▸ **What this task involves**
Every line in the records below that holds the word "Defs" is to be copied.

Stored data:
lemma elem_in_universe: "x \<in> nodes \<Longrightarrow> x \<noteq> 0 \<Longrightarrow> elem x \<in> fst S"
  using bij_betw_apply[OF bij_betw_elem, of "x - 1"] unfolding nodes_def by auto

lemma node_in_nodes: "v \<in> fst S \<Longrightarrow> node v \<in> nodes"
  using bij_betw_apply[OF to_nat_on_finite[OF finite_universe], of v]
  unfolding node_def nodes_def by (simp add: Suc_leI)

lemma elem_node: "v \<in> fst S \<Longrightarrow> elem (node v) = v"
  unfolding elem_def node_def using countable_finite[OF finite_universe] by simp

lemma in_node_bag_iff:
  "x \<in> nodes \<Longrightarrow> x \<noteq> 0 \<Longrightarrow> v \<in> node_bag x \<longleftrightarrow> v \<in> fst S \<and> pebble_kept (\<alpha> v) (\<alpha> (elem x))"
  unfolding node_bag_def using pebbled_alpha_iff elem_in_universe by simp

lemma in_own_node_bag: "v \<in> fst S \<Longrightarrow> v \<in> node_bag (node v)"
  using in_node_bag_iff node_in_nodes elem_node pebble_kept_refl unfolding node_def by simp

lemma rooted_tree_nodes: "rooted_tree nodes node_le"
  unfolding nodes_def node_le_def
proof (rule rooted_tree_add_root[where h = elem and R = "\<lambda>a b. prefix (\<alpha> a) (\<alpha> b)"])
  show "bij_betw (\<lambda>i. elem (Suc i)) {..<card (fst S)} (fst S)"
    by (rule bij_betw_elem)
  show "\<And>u v w. u \<in> fst S \<Longrightarrow> v \<in> fst S \<Longrightarrow> w \<in> fst S \<Longrightarrow>
      prefix (\<alpha> v) (\<alpha> u) \<Longrightarrow> prefix (\<alpha> w) (\<alpha> u) \<Longrightarrow> prefix (\<alpha> v) (\<alpha> w) \<or> prefix (\<alpha> w) (\<alpha> v)"
    using prefix_same_cases by blast
  show "\<And>v w. v \<in> fst S \<Longrightarrow> w \<in> fst S \<Longrightarrow> prefix (\<alpha> v) (\<alpha> w) \<Longrightarrow> prefix (\<alpha> w) (\<alpha> v) \<Longrightarrow> v = w"
    by (metis prefix_order.antisym snd_last_alpha)
qed (auto intro: prefix_order.trans)

lemma node_bag_connected:
  assumes "x \<in> nodes" "y \<in> nodes" "v \<in> node_bag x" "v \<in> node_bag y"
    and path: "on_tree_path nodes node_le x y z"
  shows "v \<in> node_bag z"
proof -
  have "x \<noteq> 0" "y \<noteq> 0" using assms(3,4) unfolding node_bag_def by (auto split: if_splits)
  then have v: "v \<in> fst S" and kept: "\<And>u. u \<in> {x, y} \<Longrightarrow> pebble_kept (\<alpha> v) (\<alpha> (elem u))"
    using assms in_node_bag_iff by auto
  have "node_le (node v) x" "node_le (node v) y"
    using kept elem_node[OF v] \<open>x \<noteq> 0\<close> \<open>y \<noteq> 0\<close> unfolding node_le_def pebble_kept_def by auto
  then have "node_le (node v) z"
    using path node_in_nodes[OF v] unfolding on_tree_path_def by blast
  then have z: "z \<noteq> 0" and v_z: "prefix (\<alpha> v) (\<alpha> (elem z))"
    using elem_node[OF v] unfolding node_le_def node_def by auto
  obtain u where "u \<in> {x, y}" "node_le z u"
    using path unfolding on_tree_path_def by blast
  then have "pebble_kept (\<alpha> v) (\<alpha> (elem z))"
    using kept z v_z pebble_kept_prefix unfolding node_le_def by blast
  then show ?thesis
    using path z in_node_bag_iff v unfolding on_tree_path_def by auto
qed

lemma tuple_in_node_bag:
  assumes t: "t \<in> snd S r" "v \<in> set t" "w \<in> set t" and "v \<in> fst S" "w \<in> fst S"
  shows "\<exists>x\<in>nodes. v \<in> node_bag x \<and> w \<in> node_bag x"
proof -
  have "a \<in> node_bag (node b) \<and> b \<in> node_bag (node b)"
    if "a \<in> set t" "b \<in> set t" "a \<in> fst S" "b \<in> fst S" "prefix (\<alpha> a) (\<alpha> b)" for a b
    using that in_node_bag_iff[OF node_in_nodes] elem_node in_own_node_bag
      pebble_kept_alpha_tuple[OF t(1)] unfolding node_def by simp
  then show ?thesis
    using prefix_alpha_tuple[OF t] node_in_nodes assms by metis
qed

lemma tree_decomposition_nodes: "tree_decomposition (fst S) (gaifman_adj S) nodes node_le node_bag"
  unfolding tree_decomposition_def
proof (intro conjI ballI allI impI)
  show "node_bag x \<subseteq> fst S" if "x \<in> nodes" for x
    using that in_node_bag_iff unfolding node_bag_def by auto
  show "\<exists>x\<in>nodes. v \<in> node_bag x" if "v \<in> fst S" for v
    using that in_own_node_bag node_in_nodes by blast
  show "\<exists>x\<in>nodes. v \<in> node_bag x \<and> w \<in> node_bag x"
    if "v \<in> fst S" "w \<in> fst S" "gaifman_adj S v w" for v w
    using that tuple_in_node_bag unfolding gaifman_adj_def by blast
qed (use rooted_tree_nodes node_bag_connected in blast)+
(* Let $\mathbf{NeurRing}$ be the category whose objects are neural rings and whose morphisms are monomial maps, and let $\mathbf{Code}$ be the category of codes with morphisms of codes. The assignment $R$ sending a code $\mathcal{C}$ to its neural ring $R_{\mathcal{C}}$, and a morphism $f:\mathcal{C}\to\mathcal{D}$ to the ring homomorphism $f^*:R_{\mathcal{D}}\to R_{\mathcal{C}}$, $f^*(p)=p\circ f$ (regarding elements of neural rings as functions on codewords), is a contravariant equivalence of categories $\mathbf{Code}\to\mathbf{NeurRing}$.
   Context: A code is a subset $\mathcal{C}\subseteq 2^{[n]}$; in $\mathbf{Code}$, two codes that are equal as sets of subsets (e.g. $\mathcal{C}\subseteq 2^{[n]}$ regarded also as a subset of $2^{[m]}$, $m\ge n$) are the same object. For $\sigma\subseteq[n]$, $\mathrm{Tk}_{\mathcal{C}}(\sigma)=\{c\in\mathcal{C}\mid\sigma\subseteq c\}$; a trunk in $\mathcal{C}$ is a subset that is empty or of this form. A morphism of codes $f:\mathcal{C}\to\mathcal{D}$ is a function such that preimages of trunks in $\mathcal{D}$ are trunks in $\mathcal{C}$. A polynomial $p\in\mathbb{F}_2[x_1,\dots,x_n]$ defines a function $2^{[n]}\to\mathbb{F}_2$ by setting $x_i=1$ if $i\in c$ and $x_i=0$ otherwise. The vanishing ideal of $\mathcal{C}\subseteq 2^{[n]}$ is $I_{\mathcal{C}}=\{p\in\mathbb{F}_2[x_1,\dots,x_n]\mid p(c)=0\ \forall c\in\mathcal{C}\}$, and the neural ring is $R_{\mathcal{C}}=\mathbb{F}_2[x_1,\dots,x_n]/I_{\mathcal{C}}$ together with its coordinate functions $x_1,\dots,x_n$; it is identified with the ring of functions $\mathcal{C}\to\mathbb{F}_2$. If $R_{\mathcal{C}}$, $R_{\mathcal{D}}$ have coordinates $x_1,\dots,x_n$ and $y_1,\dots,y_m$, a monomial map $R_{\mathcal{C}}\to R_{\mathcal{D}}$ is a ring homomorphism $\phi$ such that for every monomial $p$ in the $x_i$, $\phi(p)$ is either $0$ or a monomial in the $y_j$. *)

theory Defs
  imports Main "HOL-Library.Z2"
begin

text \<open>A code: a set of codewords, each a subset of [n] = {1..n} for some n.
  Codes equal as sets of subsets are the same object.\<close>
definition is_code :: "nat set set \<Rightarrow> bool" where
  "is_code C \<longleftrightarrow> (\<exists>n. \<forall>c\<in>C. c \<subseteq> {1..n})"

definition Tk :: "nat set set \<Rightarrow> nat set \<Rightarrow> nat set set" where
  "Tk C \<sigma> = {c \<in> C. \<sigma> \<subseteq> c}"

definition is_trunk :: "nat set set \<Rightarrow> nat set set \<Rightarrow> bool" where
  "is_trunk C T \<longleftrightarrow> T = {} \<or> (\<exists>\<sigma>. finite \<sigma> \<and> T = Tk C \<sigma>)"

text \<open>Morphism of codes f : C -> D (as a function, relevant only on C).\<close>
definition code_morphism :: "nat set set \<Rightarrow> nat set set \<Rightarrow> (nat set \<Rightarrow> nat set) \<Rightarrow> bool" where
  "code_morphism C D f \<longleftrightarrow> (\<forall>c\<in>C. f c \<in> D) \<and>
     (\<forall>T. is_trunk D T \<longrightarrow> is_trunk C {c \<in> C. f c \<in> T})"

text \<open>Neural ring R_C, identified with the ring of functions C -> F_2
  (functions extended by 0 outside C), with pointwise operations.\<close>
definition neural_ring :: "nat set set \<Rightarrow> (nat set \<Rightarrow> bit) set" where
  "neural_ring C = {p. \<forall>c. c \<notin> C \<longrightarrow> p c = 0}"

definition nr_one :: "nat set set \<Rightarrow> nat set \<Rightarrow> bit" where
  "nr_one C = (\<lambda>c. if c \<in> C then 1 else 0)"

definition coord :: "nat set set \<Rightarrow> nat \<Rightarrow> nat set \<Rightarrow> bit" where
  "coord C i = (\<lambda>c. if c \<in> C \<and> i \<in> c then 1 else 0)"

definition monomial :: "nat set set \<Rightarrow> nat set \<Rightarrow> nat set \<Rightarrow> bit" where
  "monomial C \<sigma> = (\<lambda>c. if c \<in> C then (\<Prod>i\<in>\<sigma>. coord C i c) else 0)"

definition is_monomial :: "nat set set \<Rightarrow> (nat set \<Rightarrow> bit) \<Rightarrow> bool" where
  "is_monomial C p \<longleftrightarrow> (\<exists>\<sigma>. finite \<sigma> \<and> (\<forall>i\<in>\<sigma>. 1 \<le> i) \<and> p = monomial C \<sigma>)"

definition ring_hom_nr :: "nat set set \<Rightarrow> nat set set \<Rightarrow> ((nat set \<Rightarrow> bit) \<Rightarrow> (nat set \<Rightarrow> bit)) \<Rightarrow> bool" where
  "ring_hom_nr D C \<phi> \<longleftrightarrow>
     (\<forall>p\<in>neural_ring D. \<phi> p \<in> neural_ring C) \<and>
     (\<forall>p\<in>neural_ring D. \<forall>q\<in>neural_ring D. \<phi> (\<lambda>c. p c + q c) = (\<lambda>c. \<phi> p c + \<phi> q c)) \<and>
     (\<forall>p\<in>neural_ring D. \<forall>q\<in>neural_ring D. \<phi> (\<lambda>c. p c * q c) = (\<lambda>c. \<phi> p c * \<phi> q c)) \<and>
     \<phi> (nr_one D) = nr_one C"

definition monomial_map :: "nat set set \<Rightarrow> nat set set \<Rightarrow> ((nat set \<Rightarrow> bit) \<Rightarrow> (nat set \<Rightarrow> bit)) \<Rightarrow> bool" where
  "monomial_map D C \<phi> \<longleftrightarrow> ring_hom_nr D C \<phi> \<and>
     (\<forall>p. is_monomial D p \<longrightarrow> \<phi> p = (\<lambda>c. 0) \<or> is_monomial C (\<phi> p))"

definition pullback :: "nat set set \<Rightarrow> (nat set \<Rightarrow> nat set) \<Rightarrow> (nat set \<Rightarrow> bit) \<Rightarrow> (nat set \<Rightarrow> bit)" where
  "pullback C f p = (\<lambda>c. if c \<in> C then p (f c) else 0)"

end

theory Submission
  imports Defs "HOL-Library.Indicator_Function"
begin

text \<open>The neural ring of a code is the ring of all \<open>\<bbbF>\<^sub>2\<close>-valued functions on it, and
  the monomial \<open>x\<^sub>\<sigma>\<close> is the indicator function of the trunk \<open>Tk(\<sigma>)\<close>. Hence the
  monomials together with \<open>0\<close> are exactly the indicators of trunks, and \<open>f\<^sup>*\<close> pulls
  indicators back along preimages: \<open>f\<^sup>*\<close> is a monomial map precisely because \<open>f\<close>
  pulls trunks back to trunks. Conversely, for a ring homomorphism \<open>\<phi> : R\<^sub>D \<rightarrow> R\<^sub>C\<close>
  and a codeword \<open>c\<close>, evaluation at \<open>c\<close> after \<open>\<phi>\<close> sends the orthogonal idempotents
  \<open>\<chi>\<^bsub>{d}\<^esub>\<close> (which sum to \<open>1\<close>) to bits summing to \<open>1\<close>, so exactly one point \<open>f(c) \<in> D\<close>
  survives, and \<open>\<phi> = f\<^sup>*\<close>; if \<open>\<phi>\<close> is monomial, reading the same correspondence
  backwards shows that \<open>f\<close> is a morphism of codes.\<close>

lemma is_code_finite: "is_code C \<Longrightarrow> finite C"
  unfolding is_code_def by (metis Pow_iff finite_Pow_iff finite_atLeastAtMost finite_subset subsetI)

lemma is_code_positive: "is_code C \<Longrightarrow> c \<in> C \<Longrightarrow> i \<in> c \<Longrightarrow> 1 \<le> i"
  unfolding is_code_def by fastforce

lemma nr_one_eq_indicator: "nr_one C = indicator C"
  by (simp add: nr_one_def indicator_def fun_eq_iff)

lemma indicator_in_neural_ring: "S \<subseteq> C \<Longrightarrow> indicator S \<in> neural_ring C"
  by (auto simp: neural_ring_def indicator_def)

lemma monomial_eq_indicator_Tk:
  assumes "finite \<sigma>"
  shows "monomial C \<sigma> = indicator (Tk C \<sigma>)"
proof -
  have "(\<Prod>i\<in>\<sigma>. coord C i c) = of_bool (\<sigma> \<subseteq> c)" if "c \<in> C" for c
    using assms by (induction rule: finite_induct) (auto simp: coord_def that)
  then show ?thesis
    by (auto simp: monomial_def Tk_def indicator_def fun_eq_iff)
qed

lemma pullback_indicator: "pullback C f (indicator S) = indicator {c \<in> C. f c \<in> S}"
  by (simp add: pullback_def indicator_def fun_eq_iff)

lemma indicator_eq_zero_iff: "indicator S = (\<lambda>_. 0 :: 'b::zero_neq_one) \<longleftrightarrow> S = {}"
  by (auto simp: fun_eq_iff indicator_eq_0_iff)

lemma indicator_inject: "indicator S = (indicator T :: 'a \<Rightarrow> 'b::zero_neq_one) \<longleftrightarrow> S = T"
  by (metis indicator_eq_1_iff subsetI subset_antisym)

text \<open>Monomials only use indices \<open>\<ge> 1\<close>; the code hypothesis makes the trunk of a \<open>\<sigma>\<close>
  containing \<open>0\<close> empty, so it still corresponds to the zero function.\<close>
lemma trunk_iff_indicator_monomial:
  assumes "is_code C"
  shows "is_trunk C T \<longleftrightarrow> indicator T = (\<lambda>_. 0 :: bit) \<or> is_monomial C (indicator T)"
proof
  assume "is_trunk C T"
  then consider "T = {}" | \<sigma> where "finite \<sigma>" "T = Tk C \<sigma>"
    unfolding is_trunk_def by blast
  then show "indicator T = (\<lambda>_. 0 :: bit) \<or> is_monomial C (indicator T)"
  proof cases
    case 1
    then show ?thesis by (simp add: indicator_eq_zero_iff)
  next
    case (2 \<sigma>)
    show ?thesis
    proof (cases "\<forall>i\<in>\<sigma>. 1 \<le> i")
      case True
      then show ?thesis
        using 2 by (auto simp: is_monomial_def monomial_eq_indicator_Tk)
    next
      case False
      then have "T = {}"
        using 2 is_code_positive[OF assms] by (fastforce simp: Tk_def)
      then show ?thesis by (simp add: indicator_eq_zero_iff)
    qed
  qed
next
  assume "indicator T = (\<lambda>_. 0 :: bit) \<or> is_monomial C (indicator T)"
  then show "is_trunk C T"
    by (auto simp: is_trunk_def is_monomial_def indicator_eq_zero_iff
        monomial_eq_indicator_Tk indicator_inject)
qed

▸ **Output of the task**
theory Defs
  imports Defs "HOL-Library.Indicator_Function"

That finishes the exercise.